** Required work **
Pull out every line with the word "lemma" from the entries below.

** Exercise input **
lemma bounded_T_op_iff_M_op_growth:
  assumes hX: "\<And>f. f \<in> X \<Longrightarrow> f holomorphic_on ball 0 1"
    and hg: "g holomorphic_on ball 0 1" and b: "\<beta> > 0"
  shows "bounded_op X nX (growth_space \<beta>) (growth_norm \<beta>) (T_op g)
     \<longleftrightarrow> bounded_op X nX (growth_space (\<beta> + 1)) (growth_norm (\<beta> + 1)) (M_op g)"
proof
  assume "bounded_op X nX (growth_space \<beta>) (growth_norm \<beta>) (T_op g)"
  then show "bounded_op X nX (growth_space (\<beta> + 1)) (growth_norm (\<beta> + 1)) (M_op g)"
    by (rule bounded_op_dominated[where A="4 powr (\<beta> + 1)"]) (auto dest: growth_T_op_imp_M_op[OF hX hg b])
next
  assume "bounded_op X nX (growth_space (\<beta> + 1)) (growth_norm (\<beta> + 1)) (M_op g)"
  then show "bounded_op X nX (growth_space \<beta>) (growth_norm \<beta>) (T_op g)"
    by (rule bounded_op_dominated[where A="2 powr \<beta> / \<beta>"])
      (use b in \<open>auto dest: growth_M_op_imp_T_op[OF hX hg b]\<close>)
qed

lemma bounded_C_op_iff_T_op_bloch:
  assumes hX: "\<And>f. f \<in> X \<Longrightarrow> f holomorphic_on ball 0 1"
    and hg: "g holomorphic_on ball 0 1" and b: "\<beta> > 0"
  shows "bounded_op X nX (bloch_type \<beta>) (bloch_norm \<beta>) (C_op g)
     \<longleftrightarrow> bounded_op X nX (bloch_type \<beta>) (bloch_norm \<beta>) (T_op g)"
proof
  assume "bounded_op X nX (bloch_type \<beta>) (bloch_norm \<beta>) (C_op g)"
  then show "bounded_op X nX (bloch_type \<beta>) (bloch_norm \<beta>) (T_op g)"
    by (rule bounded_op_dominated[where A=2]) (auto dest: bloch_C_op_imp_T_op[OF hX hg b])
next
  assume "bounded_op X nX (bloch_type \<beta>) (bloch_norm \<beta>) (T_op g)"
  then show "bounded_op X nX (bloch_type \<beta>) (bloch_norm \<beta>) (C_op g)"
    by (rule bounded_op_dominated[where A="5 + 2 * 4 powr (\<beta> + 1)"])
      (auto dest: bloch_T_op_imp_C_op[OF hX hg b])
qed

lemma bounded_T_op_iff_M_op_bloch:
  assumes hX: "\<And>f. f \<in> X \<Longrightarrow> f holomorphic_on ball 0 1" and hg: "g holomorphic_on ball 0 1"
  shows "bounded_op X nX (bloch_type \<beta>) (bloch_norm \<beta>) (T_op g)
     \<longleftrightarrow> bounded_op X nX (growth_space \<beta>) (growth_norm \<beta>) (M_op g)"
  using bloch_T_op_iff_M_op[OF hX hg, of _ \<beta>] unfolding bounded_op_def by simp

lemma weight_le_kernel_denom:
  assumes a: "a \<in> ball 0 1" and w: "w \<in> ball 0 1"
  shows "weight w \<le> 2 * cmod (1 - cnj a * w)" "weight a \<le> 2 * cmod (1 - cnj a * w)"
proof -
  have n: "1 - cmod a * cmod w \<le> cmod (1 - cnj a * w)"
    using norm_triangle_ineq2[of 1 "cnj a * w"] by (simp add: norm_mult)
  have la: "cmod a \<le> 1" "cmod w \<le> 1" using a w by auto
  have "1 - cmod w \<le> 1 - cmod a * cmod w" using la mult_left_le_one_le[of "cmod w" "cmod a"] by simp
  then have "1 - cmod w \<le> cmod (1 - cnj a * w)" using n by (rule order_trans)
  then have "2 * (1 - cmod w) \<le> 2 * cmod (1 - cnj a * w)" by (rule mult_left_mono) simp
  with weight_le_two_one_minus_norm[OF w] show "weight w \<le> 2 * cmod (1 - cnj a * w)" by (rule order_trans)
  have "1 - cmod a \<le> 1 - cmod a * cmod w" using la mult_right_le_one_le[of "cmod a" "cmod w"] by simp
  then have "1 - cmod a \<le> cmod (1 - cnj a * w)" using n by (rule order_trans)
  then have "2 * (1 - cmod a) \<le> 2 * cmod (1 - cnj a * w)" by (rule mult_left_mono) simp
  with weight_le_two_one_minus_norm[OF a] show "weight a \<le> 2 * cmod (1 - cnj a * w)" by (rule order_trans)
qed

** Result of the task **
lemma bounded_T_op_iff_M_op_growth:
lemma bounded_C_op_iff_T_op_bloch:
lemma bounded_T_op_iff_M_op_bloch:
lemma weight_le_kernel_denom:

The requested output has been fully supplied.